From: Pip Cet <pipcet@gmail.com>
To: Eli Zaretskii <eliz@gnu.org>
Cc: 36609@debbugs.gnu.org, politza@hochschule-trier.de
Subject: bug#36609: 27.0.50; Possible race-condition in threading implementation
Date: Sat, 13 Jul 2019 14:37:25 +0000 [thread overview]
Message-ID: <CAOqdjBeMgjZapif+2bBVnoGU--r9H57r=7PvRBzG4PjidS9PQA@mail.gmail.com> (raw)
In-Reply-To: <8336jb2fhq.fsf@gnu.org>
[-- Attachment #1: Type: text/plain, Size: 2523 bytes --]

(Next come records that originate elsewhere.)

lemma stage_cost_quadratic_eq_gibbs_gap:
  fixes rf x c :: real
  assumes R: "has_mean_var (R t) m v" and v: "0 < v" and \<alpha>: "0 < \<alpha>" and lam: "0 < lam"
    and q: "density_adm q"
  defines "P \<equiv> gauss (- (m * (rf * x - c)) / (m\<^sup>2 + v)) (lam / (2 * (m\<^sup>2 + v) * \<alpha>))"
  shows "integrable lborel (\<lambda>u. q u * ln (P u))"
    and "stage_cost R rf lam t x (\<lambda>y. \<alpha> * (y - c)\<^sup>2 + \<beta>) q
      = \<alpha> * (rf * x - c)\<^sup>2 * v / (m\<^sup>2 + v) + \<beta> + lam / 2 * ln (\<alpha> * (m\<^sup>2 + v) / (pi * lam))
        + lam * ((\<integral>u. q u * ln (q u) \<partial>lborel) - (\<integral>u. q u * ln (P u) \<partial>lborel))"
proof -
  define S where "S = m\<^sup>2 + v"
  define d where "d = rf * x - c"
  define \<mu> where "\<mu> = - (m * d) / S"
  define c0 where "c0 = \<alpha> * d\<^sup>2 * v / S + \<beta> + lam / 2 * ln (\<alpha> * S / (pi * lam))"
  have S: "0 < S" using v by (simp add: S_def add_nonneg_pos)
  have var_pos: "0 < lam / (2 * S * \<alpha>)" using S \<alpha> lam by simp
  have ln_var: "ln (2 * pi * (lam / (2 * S * \<alpha>))) = - ln (\<alpha> * S / (pi * lam))"
    using S \<alpha> lam by (simp add: ln_div ln_mult)
  have lam_ln_P: "lam * ln (P u) = lam / 2 * ln (\<alpha> * S / (pi * lam)) - \<alpha> * S * (u - \<mu>)\<^sup>2" for u
    unfolding P_def S_def[symmetric] d_def[symmetric] \<mu>_def[symmetric] ln_gauss[OF var_pos] ln_var
    using S \<alpha> lam by (simp add: field_simps)
  have square: "\<alpha> * S * (u - \<mu>)\<^sup>2 = \<alpha> * S * u\<^sup>2 + 2 * \<alpha> * d * m * u + \<alpha> * m\<^sup>2 * d\<^sup>2 / S" for u
    using S by (simp add: \<mu>_def power2_eq_square field_simps)
  have split: "\<alpha> * d\<^sup>2 = \<alpha> * d\<^sup>2 * v / S + \<alpha> * m\<^sup>2 * d\<^sup>2 / S"
    using S by (simp add: field_simps) (simp add: S_def algebra_simps)
  (* This is where P comes from: lam * ln P is the constant c0 minus the expected continuation cost. *)
  have quad_eq: "\<alpha> * (d\<^sup>2 + 2 * d * m * u + S * u\<^sup>2) + \<beta> = c0 - lam * ln (P u)" for u
    unfolding lam_ln_P c0_def square using split by (simp add: ring_distribs)
  have q_int: "integrable lborel q" "(\<integral>u. q u \<partial>lborel) = 1"
    using q by (simp_all add: density_adm_def)
  have quad_int: "integrable lborel (\<lambda>u. q u * (\<alpha> * (d\<^sup>2 + 2 * d * m * u + S * u\<^sup>2) + \<beta>))"
    using density_adm_integrable_quadratic[OF q, of "\<alpha> * d\<^sup>2 + \<beta>" "2 * \<alpha> * d * m" "\<alpha> * S"]
    by (simp add: algebra_simps)
  have cross_eq: "(\<lambda>u. q u * ln (P u)) = (\<lambda>u. (c0 * q u - q u * (\<alpha> * (d\<^sup>2 + 2 * d * m * u + S * u\<^sup>2) + \<beta>)) / lam)"
    unfolding quad_eq using lam by (simp add: fun_eq_iff field_simps)
  show cross_int: "integrable lborel (\<lambda>u. q u * ln (P u))"
    unfolding cross_eq using q_int quad_int by simp
  have "stage_cost R rf lam t x (\<lambda>y. \<alpha> * (y - c)\<^sup>2 + \<beta>) q
      = (\<integral>u. c0 * q u - lam * (q u * ln (P u)) \<partial>lborel) + lam * (\<integral>u. q u * ln (q u) \<partial>lborel)"
    unfolding stage_cost_quadratic[where R = R and t = t, OF R] d_def[symmetric] S_def[symmetric] quad_eq
    by (simp add: algebra_simps)
  also have "\<dots> = c0 + lam * ((\<integral>u. q u * ln (q u) \<partial>lborel) - (\<integral>u. q u * ln (P u) \<partial>lborel))"
    using q_int cross_int by (simp add: algebra_simps)
  finally show "stage_cost R rf lam t x (\<lambda>y. \<alpha> * (y - c)\<^sup>2 + \<beta>) q
      = \<alpha> * (rf * x - c)\<^sup>2 * v / (m\<^sup>2 + v) + \<beta> + lam / 2 * ln (\<alpha> * (m\<^sup>2 + v) / (pi * lam))
        + lam * ((\<integral>u. q u * ln (q u) \<partial>lborel) - (\<integral>u. q u * ln (P u) \<partial>lborel))"
    by (simp add: c0_def d_def S_def)
qed
lemma maxplus_hs_disjoint_supports:
  assumes rb: "rmax_vec b"
  shows "maxplus_hs a b =
    maxplus_hs (\<lambda>i. if b i < a i then a i else -\<infinity>) (\<lambda>i. if b i < a i then -\<infinity> else b i)"
    (is "_ = maxplus_hs ?a ?b")
proof (intro equalityI subsetI)
  fix x assume x: "x \<in> maxplus_hs ?a ?b"
  have "\<exists>j. a i + x i \<le> b j + x j" for i
  proof (cases "b i < a i")
    case True
    obtain j where "?a i + x i \<le> ?b j + x j" using x by (auto simp: mem_maxplus_hs_iff)
    with True have "a i + x i \<le> ?b j + x j" by simp
    moreover have "?b j + x j \<le> b j + x j" by (simp add: add_right_mono)
    ultimately show ?thesis by (blast intro: order_trans)
  next
    case False
    then show ?thesis by (intro exI[of _ i]) (simp add: add_right_mono)
  qed
  then show "x \<in> maxplus_hs a b" using x by (simp add: mem_maxplus_hs_iff)
next
  fix x assume x: "x \<in> maxplus_hs a b"
  then have rx: "rmax_vec x" and ex: "\<And>i. \<exists>j. a i + x i \<le> b j + x j"
    by (auto simp: mem_maxplus_hs_iff)
  obtain js where js: "\<And>j. b j + x j \<le> b js + x js"
    using finite_UNIV_argmaxE[of "\<lambda>j. b j + x j"] by blast
  have a_js: "a i + x i \<le> b js + x js" for i
    using ex[of i] js by (blast intro: order_trans)
  have "\<exists>j. ?a i + x i \<le> ?b j + x j" for i
  proof (cases "b js < a js")
    case False
    have "?a i + x i \<le> a i + x i" by (intro add_right_mono) simp
    with False show ?thesis using a_js[of i] by (intro exI[of _ js]) auto
  next
    case True
    have "x js = -\<infinity>"
    proof (rule ccontr)
      assume "x js \<noteq> -\<infinity>"
      then obtain r where "x js = ereal r" using rx by (cases "x js") (auto simp: rmax_vec_def)
      then have "b js + x js < a js + x js" using True by (cases "a js"; cases "b js") auto
      then show False using a_js[of js] by simp
    qed
    then have "a i + x i = -\<infinity>" using a_js[of i] rb by (cases "b js") (auto simp: rmax_vec_def)
    moreover have "?a i + x i \<le> a i + x i" by (intro add_right_mono) simp
    ultimately have "?a i + x i \<le> -\<infinity>" by simp
    then show ?thesis by (intro exI[of _ js]) (rule order_trans, assumption, simp)
  qed
  then show "x \<in> maxplus_hs ?a ?b" using rx by (simp add: mem_maxplus_hs_iff)
qed

lemma maxplus_hs_shift: "maxplus_hs (\<lambda>i. a i + ereal c) (\<lambda>j. b j + ereal c) = maxplus_hs a b"
proof -
  have "(a i + ereal c) + x i \<le> (b j + ereal c) + x j \<longleftrightarrow> a i + x i \<le> b j + x j" for i j x
    by (cases "a i"; cases "b j"; cases "x i"; cases "x j") auto
  then show ?thesis by (simp add: mem_maxplus_hs_iff set_eq_iff)
qed

lemma maxplus_hs_everything:
  assumes "\<And>i. a i = -\<infinity>"
  shows "maxplus_hs a b = {x. rmax_vec x}"
proof -
  have "-\<infinity> + x i \<le> y" if "rmax_vec x" for x :: "'a \<Rightarrow> ereal" and i y
    using that by (cases "x i") (auto simp: rmax_vec_def)
  then show ?thesis using assms by (auto simp: mem_maxplus_hs_iff)
qed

On Fri, Jul 12, 2019 at 7:57 PM Eli Zaretskii <eliz@gnu.org> wrote:
> > I'm now convinced that there simply is no safe way to call select()
> > from two threads at once when using glib.
>
> I hope not, although GTK with its idiosyncrasies caused a lot of pain
> for the threads implementation in Emacs.
Well, I think we're going to have to do one or more of the following:
- have a race condition
- access glib-locked data from the "wrong" thread (another Emacs thread)
- release the glib lock from the "wrong" thread (another Emacs thread)
Of these, the second is the best alternative, I think: we simply grab
the g_main_context lock globally, acting for all Emacs threads, and
the last thread to require it releases it when it leaves xg_select. As
long as there's at least one thread in the critical section of
xg_select, we hold the lock, but access to the context isn't
necessarily from the thread which locked it.
> > I think our options are hacking around it and hoping nothing breaks
> > (this is what the attached patch does; it releases the main context
> > glib lock from the wrong thread soon "after" the other thread called
> > select, but there's actually no way to ensure that "after" is
> > accurate), or rewriting things so we have a single thread that does
> > all the select()ing.
>
> Hmm... how would this work with your patch? Suppose one thread calls
> xg_select, acquires the Glib lock, sets its holding_glib_lock flag,
> then releases the global Lisp lock and calls pselect. Since the
> global Lisp lock is now up for grabs, some other Lisp thread can
> acquire it and start running.
And when it starts running, it releases the Glib lock.
> If that other thread then calls
> xg_select, it will hang forever trying to acquire the Glib lock,
> because the first thread that holds it is stuck in pselect.
The first thread no longer holds the Glib lock, it was released when
we switched threads.
> I know very little about GTK and the Glib context lock, but AFAIR we
> really must treat that lock as a global one, not a thread-local one.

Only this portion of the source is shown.